Action item: For the material below, return exactly the lines starting at the line containing "by (simp flip: kernel_pair_grp_eq)" and ending at the line containing "using k assms(2) by (auto", both ends included, and no others.
[Opening Records supplied section]
lemma eta_kernel_pair_grp_eq_iff:
  assumes "(x, y) \<in> kernel_pairs" "(x', y') \<in> kernel_pairs"
  shows "eta (kernel_pair_grp G h) (x, y) = eta (kernel_pair_grp G h) (x', y')
    \<longleftrightarrow> (x \<otimes> inv x', y \<otimes> inv y') \<in> derived_kernel_pairs"
proof -
  have "x' \<in> carrier G" "y' \<in> carrier G"
    using assms(2) by (auto simp: carrier_kernel_pair_grp)
  then have "(x, y) \<otimes>\<^bsub>G \<times>\<times> G\<^esub> inv\<^bsub>G \<times>\<times> G\<^esub> (x', y') = (x \<otimes> inv x', y \<otimes> inv y')"
    by (simp add: G.is_group)
  then show ?thesis
    using group.eta_subgroup_eq_iff[OF group_DirProd_self kernel_pairs_subgroup assms]
    by (simp flip: kernel_pair_grp_eq)
qed

lemma diagonal_mem_derived_kernel_pairs:
  assumes "c \<in> derived G (carrier G)"
  shows "(c, c) \<in> derived_kernel_pairs"
proof -
  have diag: "group_hom G (G \<times>\<times> G) (\<lambda>x. (x, x))"
    by (rule group_hom.intro[OF G.is_group group_DirProd_self]) (auto simp: group_hom_axioms_def hom_def)
  have "(\<lambda>x. (x, x)) ` derived G (carrier G) = derived (G \<times>\<times> G) ((\<lambda>x. (x, x)) ` carrier G)"
    using group_hom.derived_img[OF diag] by simp
  also have "\<dots> \<subseteq> derived_kernel_pairs"
    by (rule group.mono_derived[OF group_DirProd_self]) (auto simp: carrier_kernel_pair_grp)
  finally show ?thesis using assms by auto
qed

lemma commutator_mem_derived_kernel_pairs:
  assumes "k \<in> kernel G H h" "g \<in> carrier G"
  shows "(\<one>, k \<otimes> g \<otimes> inv k \<otimes> inv g) \<in> derived_kernel_pairs"
proof -
  have k: "k \<in> carrier G" "h k = \<one>\<^bsub>H\<^esub>" using assms(1) by (auto simp: kernel_def)
  have "(\<one>, k) \<in> kernel_pairs" "(g, g) \<in> kernel_pairs"
    using k assms(2) by (auto simp: carrier_kernel_pair_grp)
  moreover have "(\<one>, k \<otimes> g \<otimes> inv k \<otimes> inv g) = (\<one>, k) \<otimes>\<^bsub>G \<times>\<times> G\<^esub> (g, g)
      \<otimes>\<^bsub>G \<times>\<times> G\<^esub> inv\<^bsub>G \<times>\<times> G\<^esub> (\<one>, k) \<otimes>\<^bsub>G \<times>\<times> G\<^esub> inv\<^bsub>G \<times>\<times> G\<^esub> (g, g)"
    using k assms(2) by (simp add: G.is_group)
  ultimately have "(\<one>, k \<otimes> g \<otimes> inv k \<otimes> inv g) \<in> derived_set (G \<times>\<times> G) kernel_pairs"
    by blast
  then show ?thesis unfolding derived_def by (rule generate.incl)
qed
[Closing Records supplied section]
Solution for this problem:
    by (simp flip: kernel_pair_grp_eq)
qed

lemma diagonal_mem_derived_kernel_pairs:
  assumes "c \<in> derived G (carrier G)"
  shows "(c, c) \<in> derived_kernel_pairs"
proof -
  have diag: "group_hom G (G \<times>\<times> G) (\<lambda>x. (x, x))"
    by (rule group_hom.intro[OF G.is_group group_DirProd_self]) (auto simp: group_hom_axioms_def hom_def)
  have "(\<lambda>x. (x, x)) ` derived G (carrier G) = derived (G \<times>\<times> G) ((\<lambda>x. (x, x)) ` carrier G)"
    using group_hom.derived_img[OF diag] by simp
  also have "\<dots> \<subseteq> derived_kernel_pairs"
    by (rule group.mono_derived[OF group_DirProd_self]) (auto simp: carrier_kernel_pair_grp)
  finally show ?thesis using assms by auto
qed

lemma commutator_mem_derived_kernel_pairs:
  assumes "k \<in> kernel G H h" "g \<in> carrier G"
  shows "(\<one>, k \<otimes> g \<otimes> inv k \<otimes> inv g) \<in> derived_kernel_pairs"
proof -
  have k: "k \<in> carrier G" "h k = \<one>\<^bsub>H\<^esub>" using assms(1) by (auto simp: kernel_def)
  have "(\<one>, k) \<in> kernel_pairs" "(g, g) \<in> kernel_pairs"
    using k assms(2) by (auto simp: carrier_kernel_pair_grp)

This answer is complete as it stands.